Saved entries
lemma running_gain_le:
  assumes Mp_in: "\<And>s. Mp s \<omega> \<in> {\<mu>m..\<mu>M}" and Mp_meas: "(\<lambda>s. Mp s \<omega>) \<in> borel_measurable borel"
    and \<alpha>: "0 \<le> \<alpha>" and \<nu>: "0 \<le> \<nu>" "\<nu> \<le> 1" and \<mu>m: "0 \<le> \<mu>m" and x: "0 \<le> x" and \<epsilon>: "0 < \<epsilon>"
    and c: "c = \<theta> - \<alpha> - \<sigma>\<^sup>2 / 2 - (\<rho> + \<mu>m) + \<epsilon>" "c \<le> 0"
  shows "ennreal (running_gain \<rho> \<alpha> \<nu> Mp (gbm \<theta> \<alpha> \<sigma> x B) T \<omega>)
    \<le> ennreal ((\<alpha> + \<mu>M) * x / \<epsilon>) * exp_brownian_envelope c \<sigma> B \<omega>"
proof -
  define W where "W = exp_brownian_envelope c \<sigma> B \<omega>"
  define g where "g t = discount \<rho> Mp t \<omega> * (\<alpha> + \<nu> * Mp t \<omega>) * gbm \<theta> \<alpha> \<sigma> x B t \<omega>" for t
  have \<mu>M: "0 \<le> \<mu>M" using Mp_in[of 0] \<mu>m by simp
  have g_nonneg: "0 \<le> g t" for t
    unfolding g_def using Mp_in[of t] discount_pos[of \<rho> Mp t \<omega>] \<alpha> \<nu> \<mu>m x
    by (intro mult_nonneg_nonneg add_nonneg_nonneg) (auto simp: gbm_def)
  have "ennreal (running_gain \<rho> \<alpha> \<nu> Mp (gbm \<theta> \<alpha> \<sigma> x B) T \<omega>)
      \<le> (\<integral>\<^sup>+t. ennreal (indicator {t. 0 \<le> t \<and> ennreal t < T} t *\<^sub>R g t) \<partial>lborel)"
    unfolding running_gain_def set_lebesgue_integral_def g_def by (rule ennreal_integral_le_nn_integral)
  also have "\<dots> \<le> (\<integral>\<^sup>+t. ennreal ((\<alpha> + \<mu>M) * x) * W * (indicator {0..} t * ennreal (exp (- \<epsilon> * t))) \<partial>lborel)"
  proof (intro nn_integral_mono)
    fix t :: real
    show "ennreal (indicator {t. 0 \<le> t \<and> ennreal t < T} t *\<^sub>R g t)
        \<le> ennreal ((\<alpha> + \<mu>M) * x) * W * (indicator {0..} t * ennreal (exp (- \<epsilon> * t)))"
    proof (cases "0 \<le> t")
      case True
      have "ennreal (indicator {t. 0 \<le> t \<and> ennreal t < T} t *\<^sub>R g t) \<le> ennreal (g t)"
        using g_nonneg[of t] by (intro ennreal_leI) (auto simp: indicator_def)
      also have "\<dots> \<le> ennreal ((\<alpha> + \<mu>M) * x) * W * ennreal (exp (- \<epsilon> * t))"
        unfolding g_def W_def
        by (rule running_reward_le_envelope[where Mp=Mp and \<omega>=\<omega>, OF Mp_in Mp_meas \<alpha> \<nu> \<mu>m x c True])
      finally show ?thesis using True by simp
    qed simp
  qed
  also have "\<dots> = ennreal ((\<alpha> + \<mu>M) * x) * W * ennreal (1 / \<epsilon>)"
    using nn_integral_exp_neg_halfline[OF \<epsilon>] by (subst nn_integral_cmult) auto
  also have "\<dots> = ennreal ((\<alpha> + \<mu>M) * x / \<epsilon>) * W"
    using \<alpha> \<mu>M x \<epsilon> by (simp add: ennreal_mult[symmetric] mult_ac)
  finally show ?thesis unfolding W_def .
qed

lemma terminal_gain_le:
  assumes Mp_in: "\<And>s. Mp s \<omega> \<in> {\<mu>m..\<mu>M}" and Mp_meas: "(\<lambda>s. Mp s \<omega>) \<in> borel_measurable borel"
    and F_nonneg: "\<And>t. 0 \<le> F t \<omega>" and F_le: "\<And>t. F t \<omega> \<le> b"
    and \<rho>: "0 \<le> \<rho>" and \<mu>m: "0 \<le> \<mu>m" and x: "0 \<le> x" and \<epsilon>: "0 \<le> \<epsilon>"
    and c: "c = \<theta> - \<alpha> - \<sigma>\<^sup>2 / 2 - (\<rho> + \<mu>m) + \<epsilon>" "c \<le> 0"
  shows "ennreal (terminal_gain \<rho> Mp F (gbm \<theta> \<alpha> \<sigma> x B) K T \<omega>)
    \<le> ennreal (b * x) * exp_brownian_envelope c \<sigma> B \<omega> + ennreal (b * \<bar>K\<bar>)"
proof (cases "T = \<infinity>")
  case False
  define t where "t = enn2real T"
  define X where "X = gbm \<theta> \<alpha> \<sigma> x B t \<omega>"
  define dF where "dF = discount \<rho> Mp t \<omega> * F t \<omega>"
  have t: "0 \<le> t" by (simp add: t_def)
  have b: "0 \<le> b" using F_nonneg F_le order.trans by blast
  have X: "0 \<le> X" using x by (simp add: X_def gbm_def)
  have d: "0 < discount \<rho> Mp t \<omega>" "discount \<rho> Mp t \<omega> \<le> exp (- (\<rho> + \<mu>m) * t)"
    by (rule discount_pos, rule discount_le_exp[where Mp=Mp and \<omega>=\<omega>, OF Mp_in Mp_meas t])
  moreover have "exp (- (\<rho> + \<mu>m) * t) \<le> 1" using t \<rho> \<mu>m by (simp add: mult_nonpos_nonneg)
  ultimately have "discount \<rho> Mp t \<omega> * F t \<omega> \<le> F t \<omega>"
    using F_nonneg[of t] by (intro mult_left_le_one_le) (auto intro: order.trans)
  with d have dF: "0 \<le> dF" "dF \<le> exp (- (\<rho> + \<mu>m) * t) * b" "dF \<le> b"
    using F_nonneg[of t] F_le[of t] unfolding dF_def by (auto intro: mult_mono)
  have "terminal_gain \<rho> Mp F (gbm \<theta> \<alpha> \<sigma> x B) K T \<omega> = dF * (X - K)"
    using False by (simp add: terminal_gain_def t_def X_def dF_def)
  also have "\<dots> \<le> dF * X + dF * \<bar>K\<bar>"
    using mult_left_mono[OF abs_ge_minus_self dF(1), of K] by (simp add: algebra_simps)
  also have "\<dots> \<le> b * (exp (- (\<rho> + \<mu>m) * t) * X) + b * \<bar>K\<bar>"
    using mult_right_mono[OF dF(2) X] mult_right_mono[OF dF(3) abs_ge_zero[of K]]
    by (simp add: mult_ac)
  finally have "ennreal (terminal_gain \<rho> Mp F (gbm \<theta> \<alpha> \<sigma> x B) K T \<omega>)
      \<le> ennreal (b * (exp (- (\<rho> + \<mu>m) * t) * X) + b * \<bar>K\<bar>)"
    by (rule ennreal_leI)
  also have "\<dots> = ennreal b * ennreal (exp (- (\<rho> + \<mu>m) * t) * X) + ennreal (b * \<bar>K\<bar>)"
    using b X by (simp add: ennreal_mult ennreal_plus)
  also have "\<dots> \<le> ennreal b * (ennreal (x * exp (- \<epsilon> * t)) * exp_brownian_envelope c \<sigma> B \<omega>) + ennreal (b * \<bar>K\<bar>)"
    unfolding X_def by (intro add_mono mult_left_mono discounted_gbm_le_envelope[OF c x t]) simp_all
  also have "\<dots> \<le> ennreal b * (ennreal x * exp_brownian_envelope c \<sigma> B \<omega>) + ennreal (b * \<bar>K\<bar>)"
  proof -
    have "exp (- \<epsilon> * t) \<le> 1" using t \<epsilon> by (simp add: mult_nonneg_nonneg)
    then have "x * exp (- \<epsilon> * t) \<le> x" using x by (rule mult_left_le)
    then show ?thesis by (intro add_mono mult_left_mono mult_right_mono ennreal_leI) simp_all
  qed
  finally show ?thesis using b x by (simp add: ennreal_mult mult.assoc)
qed (simp add: terminal_gain_def)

#### WHAT TO PRODUCE:
If a line in the entries above has the word "thesis", copy it.

#### ANSWER TO THE EXERCISE:
      finally show ?thesis using True by simp
  finally show ?thesis unfolding W_def .
    then show ?thesis by (intro add_mono mult_left_mono mult_right_mono ennreal_leI) simp_all
  finally show ?thesis using b x by (simp add: ennreal_mult mult.assoc)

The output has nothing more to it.